▶ **Exercise goal**
In the records below, find each line that holds "prime" and return it.

(Stored data)
[Start of Attachment]

(* Let $p$ be an odd prime, and let $a,b\in\mathbb{Z}$ with $\left(\frac ap\right)=1$ and $\left(\frac bp\right)=-1$. Then $$s_p(a)s_p(b)=\begin{cases}(-1)^{(p+3)/4}\delta(ab,p)&\text{if } p\equiv1\pmod4,\\(-1)^{(p-3)/4}&\text{if } p\equiv3\pmod4.\end{cases}$$
   Context: $\left(\frac{\cdot}{p}\right)$ is the Legendre symbol. For an integer $m$, $\{m\}_p$ denotes the least nonnegative residue of $m$ modulo $p$. For an integer $a\not\equiv0\pmod p$, $$s_p(a)=(-1)^{|\{\{j,k\}:\ 1\le j<k\le (p-1)/2\ \text{and}\ \{aj^2\}_p>\{ak^2\}_p\}|}.$$ For $p\equiv1\pmod 4$ and an integer $c$, $\delta(c,p)=1$ if $c^{(p-1)/4}\equiv\left(\frac{p-1}{2}\right)!\pmod p$ and $\delta(c,p)=-1$ otherwise. *)

theory Defs
  imports "HOL-Number_Theory.Number_Theory"
begin

definition sp :: "int \<Rightarrow> int \<Rightarrow> int" where
  "sp p a = (-1) ^ card {(j::int, k::int). 1 \<le> j \<and> j < k \<and> k \<le> (p - 1) div 2
                 \<and> (a * j^2) mod p > (a * k^2) mod p}"

definition delta :: "int \<Rightarrow> int \<Rightarrow> int" where
  "delta c p = (if [c ^ nat ((p - 1) div 4) = fact (nat ((p - 1) div 2))] (mod p) then 1 else -1)"

end

theory Submission
  imports Defs
begin

(* For c prime to p the map j \<mapsto> {c j^2}_p is injective on {1..n}, n = (p - 1)/2, and s_p(c) is the
   sign of the permutation sorting its values.  Writing Q(S) for the product of v - u over the pairs
   u < v of S, the product of {c k^2}_p - {c j^2}_p over j < k is therefore s_p(c) Q(S_c), S_c being
   the image, and it is congruent to c^m D with m = n(n - 1)/2 and D the product of k^2 - j^2.
   S_a is the set R of quadratic residues in {1..p - 1} and S_b the set N of non-residues, so
   s_p(a) s_p(b) \<kappa> = (ab)^m (mod p) whenever Q(N) = \<kappa> Q(R) (mod p).
   If p = 3 (mod 4) then N = p - R and \<kappa> = 1.  If p = 1 (mod 4) then R and N are both symmetric
   under x \<mapsto> p - x; splitting Q({1..p - 1}) = 0! 1! ... (p - 2)! along R and N and evaluating
   everything with Wilson's theorem gives \<kappa> = n!.  Euler's criterion (ab)^n = -1 fixes the signs. *)


section \<open>Products of pairwise differences\<close>

definition less_pairs :: "'a::linorder set \<Rightarrow> ('a \<times> 'a) set" where
  "less_pairs A = {(u, v). u \<in> A \<and> v \<in> A \<and> u < v}"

[End of Attachment]

▶ **Exercise answer**
(* Let $p$ be an odd prime, and let $a,b\in\mathbb{Z}$ with $\left(\frac ap\right)=1$ and $\left(\frac bp\right)=-1$. Then $$s_p(a)s_p(b)=\begin{cases}(-1)^{(p+3)/4}\delta(ab,p)&\text{if } p\equiv1\pmod4,\\(-1)^{(p-3)/4}&\text{if } p\equiv3\pmod4.\end{cases}$$
(* For c prime to p the map j \<mapsto> {c j^2}_p is injective on {1..n}, n = (p - 1)/2, and s_p(c) is the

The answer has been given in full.